(* Let $p=(p_k)_{k\ge0}$ and $q=(q_k)_{k\ge0}$ be unimodal probability distributions on $\mathbb{N}_0$, and let $X\sim p$, $Y\sim q$. Then $X\le_{wd}Y$ if and only if $X\le_{rand}Y$, i.e. if and only if $\sum_{i=0}^{m}p_{[i]}\ge\sum_{i=0}^{m}q_{[i]}$ for all $m\in\mathbb{N}_0$.
   Context: For a real random variable $X$, its Lévy concentration function is $Q_X(\varepsilon)=\sup_{x_0\in\mathbb{R}}\Pr\{X\in[x_0,x_0+\varepsilon]\}$, $\varepsilon>0$. For random variables $X,Y$, write $X\le_{wd}Y$ if $Q_X(\varepsilon)\ge Q_Y(\varepsilon)$ for all $\varepsilon>0$. A distribution $p$ on the integers is unimodal if there exists an integer $M$ with $p_k\ge p_{k-1}$ for all $k\le M$ and $p_{k+1}\le p_k$ for all $k\ge M$. For a probability vector $p$, $p_{[0]}\ge p_{[1]}\ge\cdots$ denote its entries in decreasing order. $X\le_{rand}Y$ ($X$ less random than $Y$) means $q$ is majorized by $p$: $\sum_{i=0}^{m}p_{[i]}\ge\sum_{i=0}^{m}q_{[i]}$ for all $m$ (both sum to $1$). *)

theory Defs
  imports Complex_Main
begin

definition is_distr :: "(nat \<Rightarrow> real) \<Rightarrow> bool" where
  "is_distr p \<longleftrightarrow> (\<forall>k. 0 \<le> p k) \<and> p sums 1"

text \<open>Unimodality (the distribution is extended by zero to negative integers; a mode
  must then lie in the nonnegative integers).\<close>
definition unimodal :: "(nat \<Rightarrow> real) \<Rightarrow> bool" where
  "unimodal p \<longleftrightarrow> (\<exists>M::nat. (\<forall>k. 1 \<le> k \<and> k \<le> M \<longrightarrow> p (k - 1) \<le> p k)
                              \<and> (\<forall>k\<ge>M. p (Suc k) \<le> p k))"

definition conc :: "(nat \<Rightarrow> real) \<Rightarrow> real \<Rightarrow> real" where
  "conc p \<epsilon> = (SUP x0::real. (\<Sum>k\<in>{k. x0 \<le> real k \<and> real k \<le> x0 + \<epsilon>}. p k))"

definition wd_le :: "(nat \<Rightarrow> real) \<Rightarrow> (nat \<Rightarrow> real) \<Rightarrow> bool" where
  "wd_le p q \<longleftrightarrow> (\<forall>\<epsilon>>0. conc p \<epsilon> \<ge> conc q \<epsilon>)"

text \<open>The i-th largest entry p_[i] (counted with multiplicity; 0 once the support is exhausted).\<close>
definition dec :: "(nat \<Rightarrow> real) \<Rightarrow> nat \<Rightarrow> real" where
  "dec p i = Sup ({0} \<union> {t. t > 0 \<and> i < card {k. t \<le> p k}})"

definition rand_le :: "(nat \<Rightarrow> real) \<Rightarrow> (nat \<Rightarrow> real) \<Rightarrow> bool" where
  "rand_le p q \<longleftrightarrow> (\<forall>m. (\<Sum>i\<le>m. dec p i) \<ge> (\<Sum>i\<le>m. dec q i))"

end

theory Submission
  imports Defs
begin

text \<open>For a unimodal mass function p, an interval of any given length n can be grown one point
  at a time from a mode, always adding the larger of its two neighbours; every interval built
  this way carries n largest masses of p, so its mass is the top-n sum of the decreasing
  rearrangement. A window [x0, x0 + \<epsilon>] contains at most \<lfloor>\<epsilon>\<rfloor> + 1 integers, and equals such an
  interval when x0 is its left end point, so the concentration function is
  Q(\<epsilon>) = p_[0] + ... + p_[\<lfloor>\<epsilon>\<rfloor>]. Hence both orders compare exactly the same partial sums.\<close>

lemma is_distr_le_1:
  assumes "is_distr p"
  shows "p k \<le> 1"
proof -
  have "summable p" and "suminf p = 1" and "\<forall>k. 0 \<le> p k"
    using assms by (auto simp: is_distr_def sums_iff)
  then have "sum p {k} \<le> suminf p"
    by (intro sum_le_suminf) auto
  then show ?thesis
    using \<open>suminf p = 1\<close> by simp
qed

lemma is_distr_finite_superlevel:
  assumes "is_distr p" "t > 0"
  shows "finite {k. t \<le> p k}"
proof -
  have "p \<longlonglongrightarrow> 0"
    using assms(1) summable_LIMSEQ_zero sums_summable by (auto simp: is_distr_def)
  then have "eventually (\<lambda>k. p k < t) sequentially"
    using assms(2) by (rule order_tendstoD(2))
  then obtain N where "\<forall>k\<ge>N. p k < t"
    by (auto simp: eventually_sequentially)
  then have "{k. t \<le> p k} \<subseteq> {..<N}"
    by (auto simp: not_less[symmetric])
  then show ?thesis
    using finite_subset by blast
qed

lemma bdd_above_dec_set:
  assumes "is_distr p"
  shows "bdd_above ({0} \<union> {t. t > 0 \<and> i < card {k. t \<le> p k}})"
proof (rule bdd_aboveI[where M = 1])
  fix t assume t: "t \<in> {0} \<union> {t. t > 0 \<and> i < card {k. t \<le> p k}}"
  show "t \<le> 1"
  proof (cases "t = 0")
    case False
    then obtain k where "t \<le> p k"
      using t card_gt_0_iff by fastforce
    then show ?thesis
      using is_distr_le_1[OF assms, of k] by simp
  qed simp
qed

lemma dec_nonneg:
  assumes "is_distr p"
  shows "0 \<le> dec p i"
  unfolding dec_def by (rule cSup_upper[OF _ bdd_above_dec_set[OF assms]]) simp

lemma le_dec:
  assumes "is_distr p" "0 \<le> t" "finite A" "i < card A" "\<forall>k\<in>A. t \<le> p k"
  shows "t \<le> dec p i"
proof (cases "t = 0")
  case True
  then show ?thesis
    using dec_nonneg[OF assms(1)] by simp
next
  case False
  with assms(2) have "t > 0" by simp
  have "card A \<le> card {k. t \<le> p k}"
    using assms(5) is_distr_finite_superlevel[OF assms(1) \<open>t > 0\<close>]
    by (intro card_mono) auto
  then show ?thesis
    unfolding dec_def using \<open>t > 0\<close> assms(4)
    by (intro cSup_upper[OF _ bdd_above_dec_set[OF assms(1)]]) auto
qed

lemma dec_le:
  assumes "0 \<le> c" "finite B" "card B \<le> i" "\<forall>k. k \<notin> B \<longrightarrow> p k \<le> c"
  shows "dec p i \<le> c"
  unfolding dec_def
proof (rule cSup_least)
  fix t assume t: "t \<in> {0} \<union> {t. t > 0 \<and> i < card {k. t \<le> p k}}"
  show "t \<le> c"
  proof (rule ccontr)
    assume "\<not> t \<le> c"
    then have "{k. t \<le> p k} \<subseteq> B"
      using assms(4) by force
    then have "card {k. t \<le> p k} \<le> card B"
      using assms(2) by (rule card_mono[rotated])
    then show False
      using t \<open>\<not> t \<le> c\<close> assms(1,3) by auto
  qed
qed simp

lemma sum_le_sum_dec:
  assumes "is_distr p" "finite A"
  shows "sum p A \<le> (\<Sum>i<card A. dec p i)"
  using assms(2)
proof (induction "card A" arbitrary: A)
  case 0
  then show ?case by simp
next
  case (Suc n)
  then have "A \<noteq> {}" by auto
  obtain m where m: "m \<in> A" "\<forall>k\<in>A. p m \<le> p k"
    using ex_is_arg_min_if_finite[OF \<open>finite A\<close> \<open>A \<noteq> {}\<close>, of p]
    by (auto simp: is_arg_min_linorder)
  have "card (A - {m}) = n"
    using Suc.hyps(2) m(1) by simp
  then have IH: "sum p (A - {m}) \<le> (\<Sum>i<n. dec p i)"
    using Suc.hyps(1)[of "A - {m}"] \<open>finite A\<close> by simp
  have "sum p A = p m + sum p (A - {m})"
    using \<open>finite A\<close> m(1) by (simp add: sum.remove)
  also note IH
  also have "p m \<le> dec p n"
    using assms(1) \<open>finite A\<close> m Suc(2) by (intro le_dec) (auto simp: is_distr_def)
  finally show ?case
    using Suc(2)[symmetric] by simp
qed

lemma sum_le_sum_dec_card_le:
  assumes "is_distr p" "finite A" "card A \<le> n"
  shows "sum p A \<le> (\<Sum>i<n. dec p i)"
proof -
  have "sum p A \<le> (\<Sum>i<card A. dec p i)"
    using sum_le_sum_dec[OF assms(1,2)] .
  also have "\<dots> \<le> (\<Sum>i<n. dec p i)"
    using assms(3) dec_nonneg[OF assms(1)] by (intro sum_mono2) auto
  finally show ?thesis .
qed

definition top_set :: "(nat \<Rightarrow> real) \<Rightarrow> nat set \<Rightarrow> bool" where
  "top_set p W \<longleftrightarrow> (\<forall>k\<in>W. \<forall>j. j \<notin> W \<longrightarrow> p j \<le> p k)"

lemma top_set_insert:
  assumes "top_set p W" "\<forall>j. j \<notin> W \<longrightarrow> p j \<le> p i"
  shows "top_set p (insert i W)"
  using assms unfolding top_set_def by auto

lemma sum_top_set:
  assumes "is_distr p" "finite W" "top_set p W"
  shows "sum p W = (\<Sum>i<card W. dec p i)"
  using assms(2,3)
proof (induction "card W" arbitrary: W)
  case 0
  then show ?case by simp
next
  case (Suc n)
  then have "W \<noteq> {}" by auto
  obtain m where m: "m \<in> W" "\<forall>k\<in>W. p m \<le> p k"
    using ex_is_arg_min_if_finite[OF \<open>finite W\<close> \<open>W \<noteq> {}\<close>, of p]
    by (auto simp: is_arg_min_linorder)
  have card: "card (W - {m}) = n"
    using Suc(2) m(1) by simp
  have "top_set p (W - {m})"
    using Suc.prems(2) m unfolding top_set_def by auto
  then have IH: "sum p (W - {m}) = (\<Sum>i<n. dec p i)"
    using Suc.hyps(1)[of "W - {m}"] card \<open>finite W\<close> by simp
  have "p m \<le> dec p n"
    using assms(1) \<open>finite W\<close> m Suc(2) by (intro le_dec) (auto simp: is_distr_def)
  moreover have "dec p n \<le> p m"
    using assms(1) \<open>finite W\<close> card Suc.prems(2) m(1)
    by (intro dec_le[where B = "W - {m}"]) (auto simp: is_distr_def top_set_def)
  ultimately have "dec p n = p m" by simp
  then show ?case
    using \<open>finite W\<close> m(1) IH Suc(2)[symmetric] by (simp add: sum.remove)
qed

lemma unimodalE:
  assumes "unimodal p"
  obtains M where "\<And>j k. j \<le> k \<Longrightarrow> k \<le> M \<Longrightarrow> p j \<le> p k"
    and "\<And>j k. M \<le> j \<Longrightarrow> j \<le> k \<Longrightarrow> p k \<le> p j"
proof -
  obtain M where up: "\<forall>k. 1 \<le> k \<and> k \<le> M \<longrightarrow> p (k - 1) \<le> p k"
    and down: "\<forall>k\<ge>M. p (Suc k) \<le> p k"
    using assms unfolding unimodal_def by blast
  have "p j \<le> p k" if "j \<le> k" "k \<le> M" for j k
    using that
  proof (induction k rule: dec_induct)
    case (step k)
    then show ?case
      using up[rule_format, of "Suc k"] by simp
  qed simp
  moreover have "p k \<le> p j" if "M \<le> j" "j \<le> k" for j k
    using that(2)
  proof (induction k rule: dec_induct)
    case (step k)
    then have "p (Suc k) \<le> p k"
      using down that(1) by simp
    with step.IH show ?case by simp
  qed simp
  ultimately show ?thesis
    by (rule that)
qed

lemma unimodal_top_interval:
  assumes "unimodal p"
  shows "\<exists>a. top_set p {a..<a + n}"
proof -
  obtain M where up: "\<And>j k. j \<le> k \<Longrightarrow> k \<le> M \<Longrightarrow> p j \<le> p k"
    and down: "\<And>j k. M \<le> j \<Longrightarrow> j \<le> k \<Longrightarrow> p k \<le> p j"
    using assms by (rule unimodalE) (rule that)
  have "\<exists>a. a \<le> M \<and> M \<le> a + n \<and> top_set p {a..<a + n}"
  proof (induction n)
    case 0
    show ?case by (auto simp: top_set_def)
  next
    case (Suc n)
    then obtain a where a: "a \<le> M" "M \<le> a + n" "top_set p {a..<a + n}"
      by blast
    have left: "p j \<le> p (a - 1)" if "j < a" for j
      using up that a(1) by simp
    have right: "p j \<le> p (a + n)" if "a + n \<le> j" for j
      using down that a(2) by simp
    show ?case
    proof (cases "0 < a \<and> p (a + n) \<le> p (a - 1)")
      case True
      have "p j \<le> p (a - 1)" if "j \<notin> {a..<a + n}" for j
        using that left[of j] right[of j] True by (cases "j < a") auto
      then have "top_set p (insert (a - 1) {a..<a + n})"
        using a(3) by (intro top_set_insert) auto
      moreover have "insert (a - 1) {a..<a + n} = {a - 1..<a - 1 + Suc n}"
        using True by auto
      ultimately show ?thesis
        using a True by (intro exI[of _ "a - 1"]) auto
    next
      case False
      have "p j \<le> p (a + n)" if "j \<notin> {a..<a + n}" for j
        using that left[of j] right[of j] False by (cases "j < a") auto
      then have "top_set p (insert (a + n) {a..<a + n})"
        using a(3) by (intro top_set_insert) auto
      moreover have "insert (a + n) {a..<a + n} = {a..<a + Suc n}"
        by auto
      ultimately show ?thesis
        using a by (intro exI[of _ a]) auto
    qed
  qed
  then show ?thesis by blast
qed

lemma window_subset_interval:
  assumes "0 \<le> \<epsilon>"
  shows "{k::nat. x0 \<le> real k \<and> real k \<le> x0 + \<epsilon>} \<subseteq> {nat \<lceil>x0\<rceil>..<nat \<lceil>x0\<rceil> + Suc (nat \<lfloor>\<epsilon>\<rfloor>)}"
proof
  fix k assume k: "k \<in> {k::nat. x0 \<le> real k \<and> real k \<le> x0 + \<epsilon>}"
  have "\<lceil>x0\<rceil> \<le> int k"
    using k by (simp add: ceiling_le_iff)
  moreover have "real k - \<lceil>x0\<rceil> \<le> \<epsilon>"
    using k le_of_int_ceiling[of x0] by simp linarith
  then have "int k - \<lceil>x0\<rceil> \<le> \<lfloor>\<epsilon>\<rfloor>"
    by (simp add: le_floor_iff)
  moreover have "0 \<le> \<lfloor>\<epsilon>\<rfloor>"
    using assms by simp
  ultimately have "nat \<lceil>x0\<rceil> \<le> k \<and> k < nat \<lceil>x0\<rceil> + Suc (nat \<lfloor>\<epsilon>\<rfloor>)"
    by linarith
  then show "k \<in> {nat \<lceil>x0\<rceil>..<nat \<lceil>x0\<rceil> + Suc (nat \<lfloor>\<epsilon>\<rfloor>)}"
    by simp
qed

lemma window_at_nat_eq_interval:
  assumes "0 \<le> \<epsilon>"
  shows "{k::nat. real a \<le> real k \<and> real k \<le> real a + \<epsilon>} = {a..<a + Suc (nat \<lfloor>\<epsilon>\<rfloor>)}"
proof -
  obtain l :: nat where l: "\<lfloor>\<epsilon>\<rfloor> = int l"
    using assms zero_le_floor zero_le_imp_eq_int by blast
  have "real k \<le> real a + \<epsilon> \<longleftrightarrow> int k - int a \<le> int l" for k
    unfolding l[symmetric] by (simp add: le_floor_iff algebra_simps)
  moreover have "a \<le> k \<and> int k - int a \<le> int l \<longleftrightarrow> a \<le> k \<and> k < a + Suc l" for k
    by linarith
  ultimately show ?thesis
    using l by auto
qed

lemma conc_eq_sum_dec:
  assumes "is_distr p" "unimodal p" "0 < \<epsilon>"
  shows "conc p \<epsilon> = (\<Sum>i\<le>nat \<lfloor>\<epsilon>\<rfloor>. dec p i)"
proof -
  define n where "n = Suc (nat \<lfloor>\<epsilon>\<rfloor>)"
  define f where "f x0 = (\<Sum>k\<in>{k. x0 \<le> real k \<and> real k \<le> x0 + \<epsilon>}. p k)" for x0
  have f_le: "f x0 \<le> (\<Sum>i<n. dec p i)" for x0
  proof -
    have sub: "{k. x0 \<le> real k \<and> real k \<le> x0 + \<epsilon>} \<subseteq> {nat \<lceil>x0\<rceil>..<nat \<lceil>x0\<rceil> + n}"
      using window_subset_interval assms(3) n_def by simp
    have "card {k. x0 \<le> real k \<and> real k \<le> x0 + \<epsilon>} \<le> n"
      using card_mono[OF _ sub] by simp
    then show ?thesis
      unfolding f_def using finite_subset[OF sub]
      by (intro sum_le_sum_dec_card_le[OF assms(1)]) auto
  qed
  obtain a where "top_set p {a..<a + n}"
    using unimodal_top_interval[OF assms(2)] by blast
  then have "sum p {a..<a + n} = (\<Sum>i<n. dec p i)"
    using sum_top_set[OF assms(1)] by fastforce
  then have f_a: "f (real a) = (\<Sum>i<n. dec p i)"
    using window_at_nat_eq_interval[of \<epsilon> a] assms(3) unfolding f_def n_def by simp
  have "conc p \<epsilon> = (SUP x0. f x0)"
    unfolding conc_def f_def ..
  also have "\<dots> = (\<Sum>i<n. dec p i)"
  proof (rule antisym)
    show "(SUP x0. f x0) \<le> (\<Sum>i<n. dec p i)"
      using f_le by (rule cSUP_least[OF UNIV_not_empty])
    have "bdd_above (range f)"
      using f_le by (intro bdd_aboveI2)
    then show "(\<Sum>i<n. dec p i) \<le> (SUP x0. f x0)"
      using f_a cSUP_upper[of "real a" UNIV f] by simp
  qed
  finally show ?thesis
    unfolding n_def lessThan_Suc_atMost .
qed

theorem proposition5p1:
  fixes p q :: "nat \<Rightarrow> real"
  assumes "is_distr p" "is_distr q" "unimodal p" "unimodal q"
  shows "wd_le p q \<longleftrightarrow> rand_le p q"
proof
  assume wd: "wd_le p q"
  show "rand_le p q"
    unfolding rand_le_def
  proof
    fix m
    define \<epsilon> where "\<epsilon> = real m + 1/2"
    have "0 < \<epsilon>" and "nat \<lfloor>\<epsilon>\<rfloor> = m"
      unfolding \<epsilon>_def by linarith+
    moreover have "conc q \<epsilon> \<le> conc p \<epsilon>"
      using wd \<open>0 < \<epsilon>\<close> unfolding wd_le_def by blast
    ultimately show "(\<Sum>i\<le>m. dec q i) \<le> (\<Sum>i\<le>m. dec p i)"
      using conc_eq_sum_dec[OF assms(1,3)] conc_eq_sum_dec[OF assms(2,4)] by simp
  qed
next
  assume "rand_le p q"
  then show "wd_le p q"
    using conc_eq_sum_dec[OF assms(1,3)] conc_eq_sum_dec[OF assms(2,4)]
    unfolding wd_le_def rand_le_def by simp
qed

end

..............................

* EXERCISE OBJECTIVE *
Find and copy each line above holding "blast".

* EXERCISE SOLUTION *
    using finite_subset by blast
    using assms unfolding unimodal_def by blast
      by blast
  then show ?thesis by blast
    using assms zero_le_floor zero_le_imp_eq_int by blast
    using unimodal_top_interval[OF assms(2)] by blast
      using wd \<open>0 < \<epsilon>\<close> unfolding wd_le_def by blast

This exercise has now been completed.